Many of you know of the Mitch Rosen company, a maker of some of the finest holsters in the world.  

As with any high quality leather holster, y'all also probably know that it takes time to break in the holster, to the point where you don't have to emulate the circus strongman to draw your gun smoothly.  After all, holsters come slightly undersized, and really hold onto the gun snugly.  

This is good in one way, that by the time the leather has been properly broken in, that you still have a snug fit, and for those who carry open top (non-thumb break) holsters, this is much needed thing.  

However, as I stated earlier, you're going to be giving your arm and shoulder some sore spots, as you practice drawing from a very tight fitting holster that you just bought.  


Well, this need not be the case.  The Mitch Rosen company has a substance they sell called 'Leather Lightning.'

http://www.mitchrosen.com/product_line/miscellaneous/body_miscellaneous.html

It's a gel-like compound composed of polysiloxanes, that gives the leather surface some lubricity, while not affecting the leather's composition at all.  This way, you can draw your gun with reasonable force, and by the time the Leather Lightning wears off, your holster has been properly broken in, and left undamaged.  

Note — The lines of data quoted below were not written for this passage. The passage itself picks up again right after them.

lemma
  fixes U :: "complex^'n^'n"
  shows degree_charpoly: "degree (charpoly U) = CARD('n)"
    and lead_coeff_charpoly: "lead_coeff (charpoly U) = 1"
proof -
  define M where "M = mat [:0, 1:] - (\<chi> i j. [:U $ i $ j:])"
  define f where "f p = of_int (sign p) * (\<Prod>i\<in>UNIV. M $ i $ p i)" for p :: "'n \<Rightarrow> 'n"
  define S where "S = {p. p permutes (UNIV :: 'n set)}"
  have "finite S" "id \<in> S"
    by (simp_all add: S_def finite_permutations)
  then have split: "charpoly U = f id + sum f (S - {id})"
    unfolding charpoly_def det_def M_def[symmetric] f_def[symmetric] S_def[symmetric]
    by (rule sum.remove)
  have diagonal: "f id = (\<Prod>i\<in>UNIV. [:- U $ i $ i, 1:])"
    by (simp add: f_def M_def mat_component)
  have degree_id: "degree (f id) = CARD('n)"
    unfolding diagonal by (simp add: degree_prod_eq_sum_degree)
  have lead_coeff_id: "lead_coeff (f id) = 1"
    unfolding diagonal lead_coeff_prod by simp
  \<comment> \<open>Only the identity permutation contributes a term of full degree.\<close>
  have "degree (f p) < CARD('n)" if "p \<in> S - {id}" for p
  proof -
    have "degree (f p) \<le> degree (\<Prod>i\<in>UNIV. M $ i $ p i)"
      unfolding f_def using degree_mult_le[of "of_int (sign p)" "\<Prod>i\<in>UNIV. M $ i $ p i"] by simp
    also have "\<dots> \<le> (\<Sum>i\<in>UNIV. degree (M $ i $ p i))"
      using degree_prod_sum_le[of UNIV "\<lambda>i. M $ i $ p i"] by (simp add: o_def)
    also have "\<dots> \<le> (\<Sum>i\<in>UNIV. if p i = i then 1 else 0)"
      by (intro sum_mono) (auto simp: M_def mat_component)
    also have "\<dots> = card {i. p i = i}"
      by (simp add: sum.If_cases)
    also have "\<dots> < CARD('n)"
      using that by (intro psubset_card_mono) (auto simp: fun_eq_iff)
    finally show ?thesis .
  qed
  then have "degree (sum f (S - {id})) < degree (f id)"
    using degree_id by (intro degree_sum_less) auto
  then show "degree (charpoly U) = CARD('n)" "lead_coeff (charpoly U) = 1"
    unfolding split using degree_id lead_coeff_id by (simp_all add: degree_add_eq_left coeff_eq_0)
qed

lemma charpoly_splits:
  fixes U :: "complex^'n^'n"
  shows "\<exists>c :: 'n \<Rightarrow> complex. \<forall>z. det (mat z - U) = (\<Prod>j\<in>UNIV. z - c j)"
proof -
  obtain root where "smult (lead_coeff (charpoly U)) (\<Prod>i<degree (charpoly U). [:- root i, 1:]) = charpoly U"
    using complex_poly_decompose' by blast
  then have "charpoly U = (\<Prod>i<CARD('n). [:- root i, 1:])"
    by (metis degree_charpoly lead_coeff_charpoly smult_1_left)
  then have roots: "det (mat z - U) = (\<Prod>i<CARD('n). z - root i)" for z
    using poly_charpoly[of U z] by (simp add: poly_prod)
  obtain h where h: "bij_betw h (UNIV :: 'n set) {..<CARD('n)}"
    using ex_bij_betw_finite_nat[of "UNIV :: 'n set"] by (auto simp: atLeast0LessThan)
  have "det (mat z - U) = (\<Prod>j\<in>UNIV. z - root (h j))" for z
    unfolding roots by (rule prod.reindex_bij_betw[OF h, symmetric])
  then show ?thesis
    by (intro exI[of _ "\<lambda>j. root (h j)"] allI)
qed

lemma eigenphases_exist:
  fixes U :: "complex^'n^'n"
  assumes "unitary_mat U"
  shows "\<exists>\<phi>. eigenphases U \<phi> \<and> (\<forall>j. - pi < \<phi> j \<and> \<phi> j \<le> pi)"
proof -
  obtain c :: "'n \<Rightarrow> complex" where c: "\<And>z. det (mat z - U) = (\<Prod>j\<in>UNIV. z - c j)"
    using charpoly_splits[of U] by blast
  have "det (mat (c j) - U) = 0" for j
    unfolding c by (rule prod_zero) auto
  then have "cmod (c j) = 1" for j
    by (rule unitary_eigenvalue_norm[OF assms])
  then have "exp (\<i> * of_real (Arg (c j))) = c j" for j
    using complex_norm_eq_1_exp_eq by blast
  then have "eigenphases U (\<lambda>j. Arg (c j))"
    by (simp add: eigenphases_def c)
  then show ?thesis
    using Arg_bounded by metis
qed

lemma Fsig_eq_fp:
  assumes "\<sigma> \<noteq> 0" "unitary_mat U" "eigenphases U \<phi>"
  shows "Fsig \<sigma> U = fp \<sigma> \<phi>"
proof -
  have "\<exists>\<psi>. eigenphases U \<psi>"
    using eigenphases_exist[OF assms(2)] by blast
  then have "eigenphases U (SOME \<psi>. eigenphases U \<psi>)"
    by (rule someI_ex)
  then show ?thesis
    unfolding Fsig_def using fp_eigenphases_eq[OF assms(1) _ assms(3)] by blast
qed

lemma Fsig_nonneg: "\<sigma> > 0 \<Longrightarrow> 0 \<le> Fsig \<sigma> U"
  unfolding Fsig_def by (rule fp_nonneg)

Some people might be thinking "well, I could use Vaseline and do the same thing!"  

Bad move.  Vaseline, Neats Foot Oil, etc., can all decompose the leather, weakening it.  While this may not be a problem for clothing items, a baseball glove, or a bag, those aren't exactly items that you're going to be depending your life on, are they?  

A high quality leather holster has to be stiff.  You can't run the risk of softening the leather of a holster, or else you'll end up with a holster that will no longer hold the gun snugly to your body (making concealment more difficult), or worse yet, a holster that could tear apart.  


As a chemist, I've confirmed that the Leather Lightning has no effect on the leather, other than to give you that temporary lubricated surface, that lasts long enough until the holster has been broken in.  No oxidation, no decomposition, etc.  


The next question some people may have is "well, how long does that bottle last?"  

Easy.  I've had the same bottle for 6 years.  I've used it on 7 different brand new holsters, some Galco, some Desantis, some Mitch Rosen, and they only required a dab the size of four rice grains (long grain) to coat the inner surfaces.  You can use more if you like, of course, but I've found that size to work just fine for my purposes.  


So, if you're someone who has a fancy for various high quality leather holsters that have tight fits, then this is an accessory that I strongly recommend that you get.  It does the job, period.


----------



## SFC JeffJ (Jan 2, 2008)

Thanks for the review.  I just ordered some new leather, so I think I'll be picking up a bottle of this and give it a shot.


----------



## Brian R. VanCise (Jan 2, 2008)

Yes thanks for the review!


----------



## KenpoTex (Jan 3, 2008)

thanks for the info.


----------